Supply Chain Attack Methods

Fault Attack

These attacks target a physical electronic device whereby the attacker essentially causes stress to the device through an external mean e.g. incorrect voltage, excessive temperature or signal power interference. The stress generates errors in such a way that it results in a security failure of the system.

Power Line Attack

Perpetrators can use malware to control the device’s CPU workload and, consequently, its power consumption. They measure the emissions conducted on the power cables and process the signal, decoding it back into binary information.

Wireless Implants

Computer operating systems, through the Human Interface Device (HID) protocol, allow devices to be easily accepted when plugged in, simplifying the connection of keyboards, mice, and other input devices. Attackers exploit this by using devices that act like HIDs, which the computer recognizes as genuine. These rogue devices look authentic, like charging cables or keyboards, and victims use them without questioning their intent. The device incorporates a remote access point, enabling the attacker to control the endpoint without needing physical access, thus simplifying their task.

Spy Chips

These malicious chips can access the target’s firewall configurations, allowing the attacker to change firewall settings, gain remote access to the target device, disable security features, and access the device’s connection logs. Spy chips are tiny, just slightly larger than a grain of rice, and can easily go unnoticed on a motherboard.

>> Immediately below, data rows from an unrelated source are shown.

lemma Re_cinner_le: "Re (cinner (x::'a::chilbert) y) \<le> norm x * norm y"
proof (cases "y = 0")
  case True
  then show ?thesis using cinner_scaleC_right[of x 0 0] by simp
next
  case False
  define R where "R = Re (cinner x y)"
  define n where "n = (norm y)\<^sup>2"
  have n: "n > 0" using False by (simp add: n_def)
  define t where "t = - R / n"
  have "0 \<le> (norm (x + scaleR t y))\<^sup>2" by simp
  also have "\<dots> = (norm x)\<^sup>2 + 2 * t * R + t\<^sup>2 * n"
    by (simp add: norm_add_square cinner_scaleR_right R_def n_def power_mult_distrib)
  also have "\<dots> = (norm x)\<^sup>2 - R\<^sup>2 / n"
    using n by (simp add: t_def field_simps power2_eq_square)
  finally have "R\<^sup>2 \<le> (norm x)\<^sup>2 * n" using n by (simp add: field_simps)
  then have "R\<^sup>2 \<le> (norm x * norm y)\<^sup>2" by (simp add: n_def power_mult_distrib)
  then show ?thesis unfolding R_def
    by (metis abs_le_square_iff abs_of_nonneg abs_ge_self mult_nonneg_nonneg norm_ge_zero order.trans)
qed

lemma Cauchy_Schwarz_cinner: "cmod (cinner (x::'a::chilbert) y) \<le> norm x * norm y"
proof (cases "cinner x y = 0")
  case False
  define u where "u = cnj (cinner x y) / of_real (cmod (cinner x y))"
  have "u * cinner x y = (cinner x y * cnj (cinner x y)) / of_real (cmod (cinner x y))"
    by (simp add: u_def mult.commute)
  also have "\<dots> = of_real ((cmod (cinner x y))\<^sup>2) / of_real (cmod (cinner x y))"
    by (simp only: complex_norm_square)
  also have "\<dots> = of_real (cmod (cinner x y))"
    using False by (simp add: power2_eq_square)
  finally have "cmod (cinner x y) = Re (cinner x (scaleC u y))"
    by (simp add: cinner_scaleC_right)
  also have "\<dots> \<le> norm x * (cmod u * norm y)"
    using Re_cinner_le[of x "scaleC u y"] by (simp add: norm_scaleC)
  also have "cmod u = 1"
    using False by (simp add: u_def norm_divide)
  finally show ?thesis by simp
qed simp

lemma bounded_bilinear_cinner: "bounded_bilinear (cinner :: 'a::chilbert \<Rightarrow> 'a \<Rightarrow> complex)"
proof
  fix a a' b b' :: 'a and r :: real
  show "cinner (a + a') b = cinner a b + cinner a' b" by (rule cinner_add_left)
  show "cinner a (b + b') = cinner a b + cinner a b'" by (rule cinner_add_right)
  show "cinner (scaleR r a) b = scaleR r (cinner a b)" by (simp add: cinner_scaleR_left scaleR_conv_of_real)
  show "cinner a (scaleR r b) = scaleR r (cinner a b)" by (simp add: cinner_scaleR_right scaleR_conv_of_real)
  show "\<exists>K. \<forall>a b::'a. cmod (cinner a b) \<le> norm a * norm b * K"
    using Cauchy_Schwarz_cinner by (metis mult.right_neutral)
qed

lemmas tendsto_cinner = bounded_bilinear.tendsto[OF bounded_bilinear_cinner]

lemma bounded_linear_scaleC: "bounded_linear (scaleC c :: 'a::chilbert \<Rightarrow> 'a)"
proof
  fix x y :: 'a and r :: real
  show "scaleC c (x + y) = scaleC c x + scaleC c y" by (rule scaleC_add_right)
  show "scaleC c (scaleR r x) = scaleR r (scaleC c x)"
    by (simp add: scaleR_eq_scaleC scaleC_scaleC mult.commute)
  show "\<exists>K. \<forall>x::'a. norm (scaleC c x) \<le> norm x * K"
    by (metis norm_scaleC mult.commute order_refl)
qed

section \<open>Adjoints and closures of operators\<close>

lemma is_subspaceD:
  assumes "is_subspace (D::'a::chilbert set)"
  shows "0 \<in> D" "x \<in> D \<Longrightarrow> y \<in> D \<Longrightarrow> x + y \<in> D" "x \<in> D \<Longrightarrow> scaleC c x \<in> D"
    "x \<in> D \<Longrightarrow> scaleR r x \<in> D" "x \<in> D \<Longrightarrow> y \<in> D \<Longrightarrow> x - y \<in> D"
  using assms scaleC_minus1[of y] unfolding is_subspace_def scaleR_eq_scaleC
  by (metis diff_conv_add_uminus)+

lemma lin_opD:
  assumes "lin_op D (A::'a::chilbert \<Rightarrow> 'a)"
  shows "A 0 = 0" "x \<in> D \<Longrightarrow> y \<in> D \<Longrightarrow> A (x + y) = A x + A y"
    "x \<in> D \<Longrightarrow> A (scaleC c x) = scaleC c (A x)" "x \<in> D \<Longrightarrow> A (scaleR r x) = scaleR r (A x)"
    "x \<in> D \<Longrightarrow> y \<in> D \<Longrightarrow> A (x - y) = A x - A y"
proof -
  have D: "is_subspace D" and add: "\<And>x y. x \<in> D \<Longrightarrow> y \<in> D \<Longrightarrow> A (x + y) = A x + A y"
    and sc: "\<And>c x. x \<in> D \<Longrightarrow> A (scaleC c x) = scaleC c (A x)"
    using assms unfolding lin_op_def by blast+
  show "A 0 = 0" using sc[of 0 0] is_subspaceD(1)[OF D] by simp
  show "x \<in> D \<Longrightarrow> y \<in> D \<Longrightarrow> A (x + y) = A x + A y" by (rule add)
  show "x \<in> D \<Longrightarrow> A (scaleC c x) = scaleC c (A x)" by (rule sc)
  show "x \<in> D \<Longrightarrow> A (scaleR r x) = scaleR r (A x)" by (simp add: sc scaleR_eq_scaleC)
  show "x \<in> D \<Longrightarrow> y \<in> D \<Longrightarrow> A (x - y) = A x - A y"
    using add[of x "scaleC (-1) y"] sc[of y "-1"] is_subspaceD(3)[OF D, of y "-1"] by simp
qed

lemma dense_cinner_eq:
  assumes "densely_defined (D::'a::chilbert set)" and "\<And>f. f \<in> D \<Longrightarrow> cinner f h1 = cinner f h2"
  shows "h1 = h2"
proof -
  obtain s where s: "\<And>n. s n \<in> D" "s \<longlonglongrightarrow> h1 - h2"
    using assms(1) closure_sequential unfolding densely_defined_def by blast
  have "(\<lambda>n. cinner (s n) (h1 - h2)) \<longlonglongrightarrow> cinner (h1 - h2) (h1 - h2)"
    by (rule tendsto_cinner[OF s(2) tendsto_const])
  moreover have "(\<lambda>n. cinner (s n) (h1 - h2)) = (\<lambda>n. 0)"
    using s(1) assms(2) by (simp add: cinner_diff_right)
  ultimately have "cinner (h1 - h2) (h1 - h2) = 0"
    using LIMSEQ_unique tendsto_const by metis
  then show ?thesis by (simp add: cinner_self)
qed

lemma dense_cinner_bound:
  assumes "densely_defined (D::'a::chilbert set)" "B \<ge> 0"
    and "\<And>f. f \<in> D \<Longrightarrow> cmod (cinner f w) \<le> B * norm f"
  shows "norm w \<le> B"
proof -
  obtain s where s: "\<And>n. s n \<in> D" "s \<longlonglongrightarrow> w"
    using assms(1) closure_sequential unfolding densely_defined_def by blast
  have "(\<lambda>n. cmod (cinner (s n) w)) \<longlonglongrightarrow> cmod (cinner w w)"
    by (intro tendsto_norm tendsto_cinner[OF s(2) tendsto_const])
  moreover have "(\<lambda>n. B * norm (s n)) \<longlonglongrightarrow> B * norm w"
    by (intro tendsto_mult tendsto_const tendsto_norm s(2))
  ultimately have "cmod (cinner w w) \<le> B * norm w"
    using assms(3) s(1) by (blast intro: LIMSEQ_le)
  then have "(norm w)\<^sup>2 \<le> B * norm w" by (simp add: cinner_self norm_power)
  then show ?thesis using assms(2)
    by (cases "norm w = 0") (auto simp: power2_eq_square mult_le_cancel_right)
qed

lemma adj_cinner:
  assumes "g \<in> adj_dom D A" "f \<in> D"
  shows "cinner (A f) g = cinner f (adj D A g)"
proof -
  have "\<exists>h. \<forall>f\<in>D. cinner (A f) g = cinner f h" using assms(1) unfolding adj_dom_def by blast
  from someI_ex[OF this] show ?thesis using assms(2) unfolding adj_def by blast
qed

lemma adj_eqI:
  assumes "densely_defined D" "\<And>f. f \<in> D \<Longrightarrow> cinner (A f) g = cinner f h"
  shows "g \<in> adj_dom D A" "adj D A g = (h::'a::chilbert)"
proof -
  show g: "g \<in> adj_dom D A" using assms(2) unfolding adj_dom_def by blast
  show "adj D A g = h"
    using dense_cinner_eq[OF assms(1)] adj_cinner[OF g] assms(2) by metis
qed

lemma adj_diff:
  assumes "densely_defined D" "g1 \<in> adj_dom D A" "g2 \<in> adj_dom D A"
  shows "adj D A (g1 - g2) = adj D A g1 - adj D A (g2::'a::chilbert)"
  using adj_cinner[OF assms(2)] adj_cinner[OF assms(3)]
  by (intro adj_eqI(2)[OF assms(1)]) (simp add: cinner_diff_right)

lemma graph_subset_closure: "f \<in> D \<Longrightarrow> (f, A f) \<in> closure (graph D A)"
  using closure_subset[of "graph D A"] by (auto simp: graph_def)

Supply Chain Vulnerabilities Mitigations

Automated Optical Inspection

An Automated Optical Inspection (AOI) test, originally used in assembly lines, enables fast and accurate inspections of populated PCBs to ensure correct and unmodified manufacturing. It verifies device assembly by comparing it to a golden image. An AOI solution can detect soldering changes and inconsistencies in assembled components. However, the main shortcoming of this solution is the need for a direct visual of the PCB, which requires significant effort once the devices are already deployed.

JTAG Boundary Scan

This is a method for testing interconnects on PCBs or sub-blocks inside an integrated circuit. Thus, JTAG is an essential tool for testing boards in development, production and in the field meaning it can be used to test at any time through the supply chain. Overall, JTAG provides information about the state of a board with minimal access. Direct internal access to the PCB is required, making post-deployment tests challenging.

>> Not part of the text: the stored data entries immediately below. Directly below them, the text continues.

(* Let $f\in I_V(\chi^{-c})$ satisfy $f(g\,\iota(h,h))=\chi(\kappa_V(\det h))f(g)$ for all $g\in G(V^\square)$ and $h\in G(V)$. Then $g\mapsto f(\iota(g,\mathrm{id}_V))$ is a class function on $G(V)$, and for every irreducible representation $\pi$ of $G(V)$ the operator $Z_{V,\chi^{-c},\pi}(f)=\sum_{g\in G(V)}f(\iota(g,\mathrm{id}))\pi(g)$ is a scalar operator.
   Context: Let $\mathbb F$ be a finite field of odd cardinality $q$, $\mathbb E/\mathbb F$ of degree $1$ or $2$ with Galois generator $x\mapsto\bar x$; $\mathcal C$ algebraically closed of characteristic not dividing $q$. $(V,\langle\cdot,\cdot\rangle_V)$ is an $\epsilon$-sesquilinear space over $\mathbb E$ (nondegenerate or identically zero form; $\epsilon_V=1$ if $\mathbb E\ne\mathbb F$) with isometry group $G(V)$. $V^\square=V^+\oplus V^-$ with form $\langle v_1,v_2\rangle-\langle w_1,w_2\rangle$ on $v_1^++w_1^-,v_2^++w_2^-$; $V^\Delta=\{v^++v^-\}$; $\iota(g_1,g_2)(v^++w^-)=(g_1v)^++(g_2w)^-$; $P_V$ the stabilizer of $V^\Delta$. For $\chi:\mathbb E^\times\to\mathcal C^\times$, $\chi^{-c}(x)=\chi(\bar x)^{-1}$, and for a character $\mu$, $I_V(\mu)$ is the space of $f:G(V^\square)\to\mathcal C$ with $f(pg)=\mu(\det(p|_{V^\Delta}))f(g)$ for $p\in P_V$ (nondegenerate case), resp. $f(pg)=\mu(\det(p|_{V^\Delta}))\mu^{-c}(\det(p|_{V^\square/V^\Delta}))f(g)$ (zero-form case). $\kappa_V:\mathbb E^\times\to\mathbb E^\times$ is $\kappa_V(x)=x$ if the form is nondegenerate and $\kappa_V(x)=x/\bar x$ if it is zero. *)

theory Defs
  imports "Jordan_Normal_Form.Determinant" "HOL-Computational_Algebra.Polynomial"
begin

text \<open>
E is a finite field type 'e, with Galois involution sigma (a field
automorphism with sigma o sigma = id); F is its fixed field.  (E = F iff sigma = id;
otherwise [E:F] = 2.)  V = E^n with coordinates; an epsilon-sesquilinear form on V is
given by its Gram matrix B: <v,w> = sum_ij v_i B_ij sigma(w_j).  Linear maps are n x n
matrices acting on column vectors.  V^square = E^(2n), first n coordinates = V^+,
last n coordinates = V^-.
\<close>

definition field_invol :: "('e::field \<Rightarrow> 'e) \<Rightarrow> bool" where
  "field_invol \<sigma> \<longleftrightarrow> (\<forall>x y. \<sigma> (x + y) = \<sigma> x + \<sigma> y) \<and> (\<forall>x y. \<sigma> (x * y) = \<sigma> x * \<sigma> y)
      \<and> (\<forall>x. \<sigma> (\<sigma> x) = x)"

Radio Frequency Power Detector

One should keep in mind, that as the attackers are aware of various RF geo-location sensor characteristics, they will use more “exotic” RF bands, and “bury” the signals using spread spectrum direct sequence or other concealment options.

Power Line anomaly detection

Since attackers can exfiltrate data and establish command and control connections using Power-Line Communication (PLC), where data transmits over standard power cabling, analyzing the physical layer characteristics of these power cables can detect digital data “piggybacking” on this physical channel.


X-ray scan can be helpful for those cases where you do not want to open the unit (for various possible reasons, including voiding warranty). It can detect the existence of additional/modified modules inside the supplied unit (while comparing it to a golden image or a vast database of similar devices). Nevertheless, technology exists for detecting when someone has X-rayed a certain unit, which might allow the attacker to terminate their activity once suspicion arises.

Physical Layer Fingerprinting

Through in-depth analysis of the device’s physical layer characteristics – voltages, currents, eye-pattern of signals, PoE parameters etc. One can create a unique physical fingerprint for each device, later making this information usable for anomaly detection – through AI or ML based algorithms.
Sepio platform implements such a detection algorithm.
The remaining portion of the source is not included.